The K-MetS study of 10601 patients was planned to evaluate long-term effects of fimasartan on major adverse cardiovascular outcomes. The study also evaluated long-term metabolic effects of fimasartan. Three-year follow-up was planned in this study. At 1-year follow-up, in a sub group analysis published in 2017, fimasaratn significantly decreased the albumin/creatinine ratio. The systolic blood pressure fell from 143.7 ± 17.2 mm of Hg to 126.7 ± 12.6 mm of Hg at 1 year (a fall of around 17 mm of Hg). On a similar note, the diastolic BP decreased from 88.4 ± 11.48 at baseline to 78.6 ± 8 mm of Hg. Waist circumference and triglyceride levels were also diminished simultaneously.
In another study, the drug was associated with reduction in day to day BP variability independent of absolute BP reduction. Fimasartan was similarly effective in reducing Systolic as well as diastolic BP in hypertensive elderly patients compared with nonelderly patients in a sub group analysis of K-MetS study. It also resulted in better pulse pressure reduction with similar home blood pressure reduction efficacy and safety in hypertensive elderly patients.

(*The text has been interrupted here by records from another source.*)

(* Let $\Omega\subseteq\mathbb{R}$ and let $f,g:\Omega\to\mathbb{R}$ be twice differentiable such that $f'$ and $g'$ are invertible and the inverse functions $(f')^{-1},(g')^{-1}$ are differentiable and convex. Then for any $p,q\in\Omega$ and $z\in\mathbb{R}$ with $g'(q)=f'(p)-z$: $$q\ge p+\frac{f'(p)-g'(p)-z}{g''(p)},\qquad q\le p+\frac{f'(p)-g'(p)-z}{g''(q)},$$ $$q\ge p+\frac{f'(q)-g'(q)-z}{f''(p)},\qquad q\le p+\frac{f'(q)-g'(q)-z}{f''(q)}.$$ *)

theory Defs
  imports "HOL-Analysis.Analysis"
begin

end

theory Submission
  imports Defs "HOL-Homology.Invariance_of_Domain"
begin

text \<open>A convex inverse lies above its tangents. For \<open>h = (f')\<^sup>-\<^sup>1\<close> the tangent at
  \<open>f' p\<close> has slope \<open>1 / f'' p\<close>, and evaluating at \<open>f' q\<close> gives
  \<open>q \<ge> p + (f' q - f' p) / f'' p\<close>; exchanging \<open>p\<close> and \<open>q\<close> gives the matching upper
  bound. The same holds for \<open>g'\<close>, and \<open>g' q = f' p - z\<close> turns the numerators
  \<open>f' q - f' p\<close> and \<open>g' q - g' p\<close> into those of the statement.\<close>

lemma DERIV_inv_into_inverse:
  fixes g :: "real \<Rightarrow> real"
  assumes "open \<Omega>" and "inj_on g \<Omega>" and "a \<in> \<Omega>"
    and g: "(g has_real_derivative g') (at a)"
    and "inv_into \<Omega> g differentiable (at (g a))"
  shows "(inv_into \<Omega> g has_real_derivative inverse g') (at (g a))"
proof -
  obtain D where D: "(inv_into \<Omega> g has_real_derivative D) (at (g a))"
    using assms(5) by (auto simp: real_differentiable_def)
  have "((inv_into \<Omega> g \<circ> g) has_real_derivative D * g') (at a)"
    using DERIV_chain[OF D g] .
  moreover have "((inv_into \<Omega> g \<circ> g) has_real_derivative 1) (at a)"
    by (rule has_field_derivative_transform_within_open[OF DERIV_ident \<open>open \<Omega>\<close> \<open>a \<in> \<Omega>\<close>])
      (use \<open>inj_on g \<Omega>\<close> in simp)
  ultimately have "D * g' = 1"
    by (rule DERIV_unique)
  then have "D = inverse g'"
    by (metis inverse_unique mult.commute)
  with D show ?thesis
    by simp
qed

lemma above_tangent_of_convex_inv_into:
  fixes g g' :: "real \<Rightarrow> real"
  assumes "open \<Omega>"
    and g: "\<And>x. x \<in> \<Omega> \<Longrightarrow> (g has_real_derivative g' x) (at x)"
    and inj: "inj_on g \<Omega>"
    and diff: "\<And>y. y \<in> g ` \<Omega> \<Longrightarrow> inv_into \<Omega> g differentiable (at y)"
    and conv: "convex_on (g ` \<Omega>) (inv_into \<Omega> g)"
    and a: "a \<in> \<Omega>" and b: "b \<in> \<Omega>"
  shows "a + (g b - g a) / g' a \<le> b"
proof -
  have "continuous_on \<Omega> g"
    using g by (meson DERIV_isCont continuous_at_imp_continuous_on)
  \<comment> \<open>so that \<open>g a\<close> is an interior point of the domain of the convex inverse\<close>
  then have "open (g ` \<Omega>)"
    using invariance_of_domain \<open>open \<Omega>\<close> inj by blast
  moreover have "connected (g ` \<Omega>)"
    using conv convex_connected unfolding convex_on_def by blast
  moreover have "(inv_into \<Omega> g has_real_derivative inverse (g' a)) (at (g a))"
    using DERIV_inv_into_inverse[OF \<open>open \<Omega>\<close> inj a g[OF a] diff] a by blast
  ultimately have "inverse (g' a) * (g b - g a) \<le> inv_into \<Omega> g (g b) - inv_into \<Omega> g (g a)"
    using a b by (intro convex_on_imp_above_tangent[OF conv])
      (auto simp: interior_open intro: has_field_derivative_at_within)
  then show ?thesis
    using inj a b by (simp add: divide_inverse mult.commute)
qed

theorem lemma34:
  fixes \<Omega> :: "real set"
    and f g f' g' f'' g'' :: "real \<Rightarrow> real"
    and p q z :: real
  assumes "open \<Omega>"
    and f1: "\<And>x. x \<in> \<Omega> \<Longrightarrow> (f has_real_derivative f' x) (at x)"
    and f2: "\<And>x. x \<in> \<Omega> \<Longrightarrow> (f' has_real_derivative f'' x) (at x)"
    and g1: "\<And>x. x \<in> \<Omega> \<Longrightarrow> (g has_real_derivative g' x) (at x)"
    and g2: "\<And>x. x \<in> \<Omega> \<Longrightarrow> (g' has_real_derivative g'' x) (at x)"
    and finj: "inj_on f' \<Omega>"
    and ginj: "inj_on g' \<Omega>"
    and fdiff: "\<And>y. y \<in> f' ` \<Omega> \<Longrightarrow> inv_into \<Omega> f' differentiable (at y)"
    and gdiff: "\<And>y. y \<in> g' ` \<Omega> \<Longrightarrow> inv_into \<Omega> g' differentiable (at y)"
    and fconv: "convex_on (f' ` \<Omega>) (inv_into \<Omega> f')"
    and gconv: "convex_on (g' ` \<Omega>) (inv_into \<Omega> g')"
    and "p \<in> \<Omega>" and "q \<in> \<Omega>"
    and "g' q = f' p - z"
  shows "q \<ge> p + (f' p - g' p - z) / g'' p \<and>
         q \<le> p + (f' p - g' p - z) / g'' q \<and>
         q \<ge> p + (f' q - g' q - z) / f'' p \<and>
         q \<le> p + (f' q - g' q - z) / f'' q"
proof -
  have swap: "(b - a) / c = - ((a - b) / c)" for a b c :: real
    by (simp add: minus_divide_left)
  note g_tangent = above_tangent_of_convex_inv_into[OF \<open>open \<Omega>\<close> g2 ginj gdiff gconv]
  note f_tangent = above_tangent_of_convex_inv_into[OF \<open>open \<Omega>\<close> f2 finj fdiff fconv]
  have numerators: "f' p - g' p - z = g' q - g' p" "f' q - g' q - z = f' q - f' p"
    using \<open>g' q = f' p - z\<close> by simp_all
  have "p + (g' q - g' p) / g'' p \<le> q" "q + (g' p - g' q) / g'' q \<le> p"
    using g_tangent \<open>p \<in> \<Omega>\<close> \<open>q \<in> \<Omega>\<close> by auto
  moreover have "p + (f' q - f' p) / f'' p \<le> q" "q + (f' p - f' q) / f'' q \<le> p"
    using f_tangent \<open>p \<in> \<Omega>\<close> \<open>q \<in> \<Omega>\<close> by auto
  ultimately show ?thesis
    unfolding numerators
    using swap[of "g' p" "g' q" "g'' q"] swap[of "f' p" "f' q" "f'' q"] by linarith
qed

end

One recent study evaluated the effects of fimasartan and amlodipine therapy on carotid atherosclerotic plaque inflammation using 18F-fluorodeoxyglucose positron emission tomography imaging. Both drugs were found to decrease carotid atherosclerotic plaque inflammation similarly in patients with acute coronary syndrome. The major studies done with fimasartan so far are depicted in [Table 3].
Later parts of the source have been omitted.